+++ Records shown

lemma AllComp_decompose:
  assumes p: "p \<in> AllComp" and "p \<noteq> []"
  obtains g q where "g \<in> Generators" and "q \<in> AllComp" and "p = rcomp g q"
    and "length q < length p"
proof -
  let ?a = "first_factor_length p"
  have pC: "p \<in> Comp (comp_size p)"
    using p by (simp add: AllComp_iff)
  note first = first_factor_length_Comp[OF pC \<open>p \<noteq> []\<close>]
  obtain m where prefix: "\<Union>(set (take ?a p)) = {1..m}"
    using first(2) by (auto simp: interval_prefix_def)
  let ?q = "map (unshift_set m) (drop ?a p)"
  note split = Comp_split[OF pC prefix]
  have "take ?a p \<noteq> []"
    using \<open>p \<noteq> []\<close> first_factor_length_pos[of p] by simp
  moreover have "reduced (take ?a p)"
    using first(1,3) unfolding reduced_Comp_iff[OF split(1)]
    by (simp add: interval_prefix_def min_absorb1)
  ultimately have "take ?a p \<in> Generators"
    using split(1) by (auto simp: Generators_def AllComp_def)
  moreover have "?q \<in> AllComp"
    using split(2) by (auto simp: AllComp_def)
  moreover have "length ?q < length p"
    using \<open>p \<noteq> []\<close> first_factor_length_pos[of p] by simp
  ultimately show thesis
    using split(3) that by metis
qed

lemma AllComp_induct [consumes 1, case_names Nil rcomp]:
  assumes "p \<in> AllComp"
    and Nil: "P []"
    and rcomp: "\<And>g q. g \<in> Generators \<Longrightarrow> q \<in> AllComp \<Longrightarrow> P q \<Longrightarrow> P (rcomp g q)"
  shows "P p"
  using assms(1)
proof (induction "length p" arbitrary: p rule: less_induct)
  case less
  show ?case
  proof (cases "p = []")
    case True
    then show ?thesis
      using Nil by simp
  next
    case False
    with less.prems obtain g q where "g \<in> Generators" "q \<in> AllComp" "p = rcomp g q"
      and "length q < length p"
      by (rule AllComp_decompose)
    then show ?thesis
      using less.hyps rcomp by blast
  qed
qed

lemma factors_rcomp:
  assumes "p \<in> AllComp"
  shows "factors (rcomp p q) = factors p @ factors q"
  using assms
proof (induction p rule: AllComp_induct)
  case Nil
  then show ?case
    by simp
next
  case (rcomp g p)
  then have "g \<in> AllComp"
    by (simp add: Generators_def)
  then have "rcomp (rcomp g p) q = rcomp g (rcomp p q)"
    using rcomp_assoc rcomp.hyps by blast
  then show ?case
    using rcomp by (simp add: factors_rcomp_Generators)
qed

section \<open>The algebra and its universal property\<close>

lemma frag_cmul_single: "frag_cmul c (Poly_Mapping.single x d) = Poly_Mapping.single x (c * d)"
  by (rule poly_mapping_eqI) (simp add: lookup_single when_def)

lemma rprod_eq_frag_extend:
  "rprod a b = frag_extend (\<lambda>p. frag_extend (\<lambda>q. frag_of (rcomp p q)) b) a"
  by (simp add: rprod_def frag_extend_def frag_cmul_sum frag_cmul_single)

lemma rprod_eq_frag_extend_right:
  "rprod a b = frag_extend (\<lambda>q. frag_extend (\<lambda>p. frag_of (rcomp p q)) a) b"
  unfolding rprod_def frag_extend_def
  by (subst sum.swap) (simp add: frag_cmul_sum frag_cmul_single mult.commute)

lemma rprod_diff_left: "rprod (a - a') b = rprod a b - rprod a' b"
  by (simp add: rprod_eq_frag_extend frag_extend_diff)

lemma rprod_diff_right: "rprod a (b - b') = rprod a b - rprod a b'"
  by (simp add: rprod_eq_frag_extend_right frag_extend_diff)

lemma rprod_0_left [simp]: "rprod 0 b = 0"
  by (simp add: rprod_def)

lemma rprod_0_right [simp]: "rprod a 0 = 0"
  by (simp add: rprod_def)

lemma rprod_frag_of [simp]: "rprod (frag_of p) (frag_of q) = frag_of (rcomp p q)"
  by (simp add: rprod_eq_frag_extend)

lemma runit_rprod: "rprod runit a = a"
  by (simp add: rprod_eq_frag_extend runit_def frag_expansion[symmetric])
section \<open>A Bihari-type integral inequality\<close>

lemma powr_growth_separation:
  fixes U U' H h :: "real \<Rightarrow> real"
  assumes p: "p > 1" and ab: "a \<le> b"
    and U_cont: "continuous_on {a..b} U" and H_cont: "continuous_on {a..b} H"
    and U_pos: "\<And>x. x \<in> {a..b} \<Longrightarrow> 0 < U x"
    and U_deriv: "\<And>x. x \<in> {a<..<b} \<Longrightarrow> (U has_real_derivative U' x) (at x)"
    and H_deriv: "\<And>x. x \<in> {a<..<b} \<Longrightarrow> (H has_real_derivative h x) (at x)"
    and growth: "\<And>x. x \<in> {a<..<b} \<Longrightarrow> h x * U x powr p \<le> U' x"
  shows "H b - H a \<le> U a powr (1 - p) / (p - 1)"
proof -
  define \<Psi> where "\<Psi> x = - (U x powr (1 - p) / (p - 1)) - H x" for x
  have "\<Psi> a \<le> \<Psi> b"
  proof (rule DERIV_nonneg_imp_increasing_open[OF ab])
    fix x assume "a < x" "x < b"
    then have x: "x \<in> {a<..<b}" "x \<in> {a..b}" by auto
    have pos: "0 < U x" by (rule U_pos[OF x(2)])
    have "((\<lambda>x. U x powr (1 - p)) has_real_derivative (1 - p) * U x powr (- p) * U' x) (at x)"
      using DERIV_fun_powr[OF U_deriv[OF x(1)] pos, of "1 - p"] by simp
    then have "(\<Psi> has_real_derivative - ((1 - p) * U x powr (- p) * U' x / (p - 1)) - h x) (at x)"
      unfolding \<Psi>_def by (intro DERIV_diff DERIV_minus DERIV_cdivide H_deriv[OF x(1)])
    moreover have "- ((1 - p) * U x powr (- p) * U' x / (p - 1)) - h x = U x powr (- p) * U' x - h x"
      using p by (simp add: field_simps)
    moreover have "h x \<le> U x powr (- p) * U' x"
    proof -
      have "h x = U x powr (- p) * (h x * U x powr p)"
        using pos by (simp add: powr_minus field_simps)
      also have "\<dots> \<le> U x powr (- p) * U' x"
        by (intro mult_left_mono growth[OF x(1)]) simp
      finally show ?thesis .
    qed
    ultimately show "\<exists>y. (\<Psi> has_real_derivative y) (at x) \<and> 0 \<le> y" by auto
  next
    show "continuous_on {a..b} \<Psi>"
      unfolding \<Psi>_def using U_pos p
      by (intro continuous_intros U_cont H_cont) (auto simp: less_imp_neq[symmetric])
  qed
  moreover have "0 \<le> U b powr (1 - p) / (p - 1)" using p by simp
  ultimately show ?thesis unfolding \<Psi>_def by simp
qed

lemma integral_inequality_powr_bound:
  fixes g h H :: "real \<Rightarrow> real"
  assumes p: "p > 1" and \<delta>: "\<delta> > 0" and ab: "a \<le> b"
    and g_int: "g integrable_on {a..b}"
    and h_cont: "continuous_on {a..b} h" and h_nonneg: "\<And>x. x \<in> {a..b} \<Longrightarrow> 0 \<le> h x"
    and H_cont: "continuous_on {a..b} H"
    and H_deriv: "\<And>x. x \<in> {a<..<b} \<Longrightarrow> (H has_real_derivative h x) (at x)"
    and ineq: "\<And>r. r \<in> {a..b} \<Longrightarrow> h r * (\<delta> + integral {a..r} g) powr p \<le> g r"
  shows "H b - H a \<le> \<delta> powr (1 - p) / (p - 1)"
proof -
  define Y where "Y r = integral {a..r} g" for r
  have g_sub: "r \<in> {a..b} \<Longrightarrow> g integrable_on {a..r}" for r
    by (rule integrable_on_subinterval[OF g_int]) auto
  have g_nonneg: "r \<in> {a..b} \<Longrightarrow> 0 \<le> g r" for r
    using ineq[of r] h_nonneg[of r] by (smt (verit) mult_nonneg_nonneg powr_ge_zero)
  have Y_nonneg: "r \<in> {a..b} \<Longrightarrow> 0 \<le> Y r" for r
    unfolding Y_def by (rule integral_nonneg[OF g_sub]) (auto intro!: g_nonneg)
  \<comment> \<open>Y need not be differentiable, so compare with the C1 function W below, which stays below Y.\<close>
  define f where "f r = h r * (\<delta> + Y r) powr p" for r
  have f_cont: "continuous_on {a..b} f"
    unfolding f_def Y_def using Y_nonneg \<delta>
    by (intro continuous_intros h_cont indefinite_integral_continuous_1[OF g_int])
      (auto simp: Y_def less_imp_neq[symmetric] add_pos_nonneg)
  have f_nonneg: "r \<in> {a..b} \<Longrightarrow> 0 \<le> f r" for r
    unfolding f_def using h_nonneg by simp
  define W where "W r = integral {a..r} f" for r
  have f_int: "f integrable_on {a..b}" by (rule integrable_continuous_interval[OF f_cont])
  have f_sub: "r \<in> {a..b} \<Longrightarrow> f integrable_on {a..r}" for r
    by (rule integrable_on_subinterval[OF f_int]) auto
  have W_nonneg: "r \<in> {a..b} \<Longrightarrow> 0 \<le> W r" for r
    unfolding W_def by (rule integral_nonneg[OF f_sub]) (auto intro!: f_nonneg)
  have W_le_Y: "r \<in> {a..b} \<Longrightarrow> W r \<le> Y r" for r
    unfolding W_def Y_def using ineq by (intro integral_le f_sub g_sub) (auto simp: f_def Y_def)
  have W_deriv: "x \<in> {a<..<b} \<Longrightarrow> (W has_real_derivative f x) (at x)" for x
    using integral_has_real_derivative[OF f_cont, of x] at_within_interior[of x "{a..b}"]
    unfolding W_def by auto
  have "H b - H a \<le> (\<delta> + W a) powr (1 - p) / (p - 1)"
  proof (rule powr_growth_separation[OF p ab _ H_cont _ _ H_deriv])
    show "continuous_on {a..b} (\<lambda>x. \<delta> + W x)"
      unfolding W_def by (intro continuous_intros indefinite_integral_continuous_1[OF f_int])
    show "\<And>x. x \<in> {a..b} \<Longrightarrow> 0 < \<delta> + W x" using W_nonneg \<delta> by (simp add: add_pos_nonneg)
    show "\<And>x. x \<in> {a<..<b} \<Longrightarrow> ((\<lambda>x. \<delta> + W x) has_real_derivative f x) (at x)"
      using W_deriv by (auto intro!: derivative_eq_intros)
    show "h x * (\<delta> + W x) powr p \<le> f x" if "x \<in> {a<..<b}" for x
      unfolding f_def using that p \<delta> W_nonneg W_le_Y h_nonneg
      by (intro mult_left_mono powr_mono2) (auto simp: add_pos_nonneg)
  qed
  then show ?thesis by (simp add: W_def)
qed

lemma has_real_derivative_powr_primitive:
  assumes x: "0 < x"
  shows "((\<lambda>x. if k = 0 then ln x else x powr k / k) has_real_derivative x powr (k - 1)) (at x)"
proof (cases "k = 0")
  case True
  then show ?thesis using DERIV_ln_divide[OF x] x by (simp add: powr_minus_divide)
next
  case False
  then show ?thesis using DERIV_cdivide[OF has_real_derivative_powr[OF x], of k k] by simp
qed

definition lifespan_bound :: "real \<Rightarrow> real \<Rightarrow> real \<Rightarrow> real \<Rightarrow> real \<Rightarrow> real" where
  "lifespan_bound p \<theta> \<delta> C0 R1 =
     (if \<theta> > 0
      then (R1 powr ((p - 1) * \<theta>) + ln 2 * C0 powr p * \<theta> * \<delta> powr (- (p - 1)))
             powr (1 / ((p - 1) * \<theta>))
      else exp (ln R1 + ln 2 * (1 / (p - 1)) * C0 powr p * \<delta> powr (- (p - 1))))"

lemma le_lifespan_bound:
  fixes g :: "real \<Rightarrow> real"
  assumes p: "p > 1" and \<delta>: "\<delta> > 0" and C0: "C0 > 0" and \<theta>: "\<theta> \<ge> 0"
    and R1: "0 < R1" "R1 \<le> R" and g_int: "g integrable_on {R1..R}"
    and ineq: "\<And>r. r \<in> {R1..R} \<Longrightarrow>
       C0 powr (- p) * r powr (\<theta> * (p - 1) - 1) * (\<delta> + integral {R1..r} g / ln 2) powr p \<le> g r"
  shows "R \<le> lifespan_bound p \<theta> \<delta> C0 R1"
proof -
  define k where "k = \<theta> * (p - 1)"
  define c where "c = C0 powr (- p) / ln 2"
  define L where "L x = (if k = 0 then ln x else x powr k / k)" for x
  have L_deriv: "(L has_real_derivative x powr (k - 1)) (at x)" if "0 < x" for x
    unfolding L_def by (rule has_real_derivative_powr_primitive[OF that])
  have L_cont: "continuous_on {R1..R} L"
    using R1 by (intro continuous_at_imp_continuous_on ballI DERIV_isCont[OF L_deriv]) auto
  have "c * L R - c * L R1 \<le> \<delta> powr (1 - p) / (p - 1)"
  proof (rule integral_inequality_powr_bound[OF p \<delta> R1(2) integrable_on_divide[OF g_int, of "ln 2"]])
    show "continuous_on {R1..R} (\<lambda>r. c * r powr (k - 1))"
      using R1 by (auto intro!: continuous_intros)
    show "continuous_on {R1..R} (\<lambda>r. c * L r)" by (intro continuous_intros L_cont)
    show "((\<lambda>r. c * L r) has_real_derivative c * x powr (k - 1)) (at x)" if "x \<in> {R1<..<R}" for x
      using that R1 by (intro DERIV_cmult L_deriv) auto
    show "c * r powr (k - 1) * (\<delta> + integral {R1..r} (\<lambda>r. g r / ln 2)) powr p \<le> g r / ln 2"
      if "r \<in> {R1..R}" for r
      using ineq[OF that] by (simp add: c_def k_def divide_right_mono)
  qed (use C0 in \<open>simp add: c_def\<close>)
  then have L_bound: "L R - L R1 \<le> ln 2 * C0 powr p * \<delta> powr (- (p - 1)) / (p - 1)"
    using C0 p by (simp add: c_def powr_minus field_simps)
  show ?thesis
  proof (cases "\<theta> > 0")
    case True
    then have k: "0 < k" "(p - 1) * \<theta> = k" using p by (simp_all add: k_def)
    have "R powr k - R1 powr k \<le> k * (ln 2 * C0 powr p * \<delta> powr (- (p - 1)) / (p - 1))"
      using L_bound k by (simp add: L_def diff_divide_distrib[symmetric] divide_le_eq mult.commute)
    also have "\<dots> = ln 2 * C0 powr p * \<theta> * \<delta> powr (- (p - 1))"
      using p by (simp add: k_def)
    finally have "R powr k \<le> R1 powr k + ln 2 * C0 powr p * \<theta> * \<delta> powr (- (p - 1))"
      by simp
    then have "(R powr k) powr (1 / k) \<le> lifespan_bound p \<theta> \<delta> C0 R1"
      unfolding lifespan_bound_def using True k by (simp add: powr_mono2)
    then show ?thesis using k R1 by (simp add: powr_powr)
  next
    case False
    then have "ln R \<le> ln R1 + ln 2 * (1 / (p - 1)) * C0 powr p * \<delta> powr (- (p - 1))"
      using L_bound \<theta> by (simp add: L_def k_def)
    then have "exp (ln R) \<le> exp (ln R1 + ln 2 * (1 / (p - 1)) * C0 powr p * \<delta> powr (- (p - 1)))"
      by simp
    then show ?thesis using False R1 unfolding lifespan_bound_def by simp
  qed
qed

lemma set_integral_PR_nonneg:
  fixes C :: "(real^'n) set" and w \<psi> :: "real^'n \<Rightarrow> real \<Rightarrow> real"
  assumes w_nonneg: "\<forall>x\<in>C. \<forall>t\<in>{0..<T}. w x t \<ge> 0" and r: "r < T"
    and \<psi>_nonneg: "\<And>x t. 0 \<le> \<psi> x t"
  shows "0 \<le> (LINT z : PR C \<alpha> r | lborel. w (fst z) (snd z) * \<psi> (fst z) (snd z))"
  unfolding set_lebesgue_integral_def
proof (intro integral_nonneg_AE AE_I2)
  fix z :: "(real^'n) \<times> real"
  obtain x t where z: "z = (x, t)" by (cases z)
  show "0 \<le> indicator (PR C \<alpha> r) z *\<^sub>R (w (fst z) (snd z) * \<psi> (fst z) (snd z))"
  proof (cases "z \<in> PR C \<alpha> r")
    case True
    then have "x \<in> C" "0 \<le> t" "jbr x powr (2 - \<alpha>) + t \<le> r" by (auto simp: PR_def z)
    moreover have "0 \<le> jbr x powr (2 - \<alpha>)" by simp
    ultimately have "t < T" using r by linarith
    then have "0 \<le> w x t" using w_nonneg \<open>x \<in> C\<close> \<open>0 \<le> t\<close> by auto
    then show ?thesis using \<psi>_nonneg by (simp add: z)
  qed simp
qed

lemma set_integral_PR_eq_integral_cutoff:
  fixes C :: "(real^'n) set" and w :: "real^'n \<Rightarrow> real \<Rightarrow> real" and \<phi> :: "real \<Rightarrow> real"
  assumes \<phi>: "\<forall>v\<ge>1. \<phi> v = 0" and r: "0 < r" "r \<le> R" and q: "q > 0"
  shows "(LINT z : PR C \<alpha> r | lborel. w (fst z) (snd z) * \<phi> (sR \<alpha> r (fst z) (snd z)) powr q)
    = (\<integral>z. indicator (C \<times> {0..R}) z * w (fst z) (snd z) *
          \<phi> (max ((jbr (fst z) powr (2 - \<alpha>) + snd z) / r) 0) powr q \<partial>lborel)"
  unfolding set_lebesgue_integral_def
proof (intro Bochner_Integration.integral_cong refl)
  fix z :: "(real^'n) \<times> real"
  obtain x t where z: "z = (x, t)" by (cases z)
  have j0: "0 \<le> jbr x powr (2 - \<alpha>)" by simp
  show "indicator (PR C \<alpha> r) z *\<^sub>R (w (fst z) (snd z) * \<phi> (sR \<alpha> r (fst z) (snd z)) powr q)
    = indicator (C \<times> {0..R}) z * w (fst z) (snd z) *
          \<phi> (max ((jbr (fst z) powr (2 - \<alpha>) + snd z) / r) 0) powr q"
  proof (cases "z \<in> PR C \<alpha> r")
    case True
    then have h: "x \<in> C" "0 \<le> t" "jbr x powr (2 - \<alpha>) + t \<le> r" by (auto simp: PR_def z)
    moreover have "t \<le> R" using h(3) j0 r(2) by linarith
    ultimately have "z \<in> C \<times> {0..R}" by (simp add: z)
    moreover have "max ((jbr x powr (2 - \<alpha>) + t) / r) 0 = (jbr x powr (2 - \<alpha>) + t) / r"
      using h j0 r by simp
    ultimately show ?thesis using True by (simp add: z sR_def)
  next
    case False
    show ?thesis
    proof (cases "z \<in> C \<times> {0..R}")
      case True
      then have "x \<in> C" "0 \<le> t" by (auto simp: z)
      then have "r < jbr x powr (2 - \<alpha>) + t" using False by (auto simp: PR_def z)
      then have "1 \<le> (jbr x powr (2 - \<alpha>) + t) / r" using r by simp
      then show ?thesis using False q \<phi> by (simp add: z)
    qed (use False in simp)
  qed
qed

++++++

• **Required work**:
Write out the lines above from the one containing "r(2) by linarith" through the last, exactly as they are.

• **Reply**:
    moreover have "t \<le> R" using h(3) j0 r(2) by linarith
    ultimately have "z \<in> C \<times> {0..R}" by (simp add: z)
    moreover have "max ((jbr x powr (2 - \<alpha>) + t) / r) 0 = (jbr x powr (2 - \<alpha>) + t) / r"
      using h j0 r by simp
    ultimately show ?thesis using True by (simp add: z sR_def)
  next
    case False
    show ?thesis
    proof (cases "z \<in> C \<times> {0..R}")
      case True
      then have "x \<in> C" "0 \<le> t" by (auto simp: z)
      then have "r < jbr x powr (2 - \<alpha>) + t" using False by (auto simp: PR_def z)
      then have "1 \<le> (jbr x powr (2 - \<alpha>) + t) / r" using r by simp
      then show ?thesis using False q \<phi> by (simp add: z)
    qed (use False in simp)
  qed
qed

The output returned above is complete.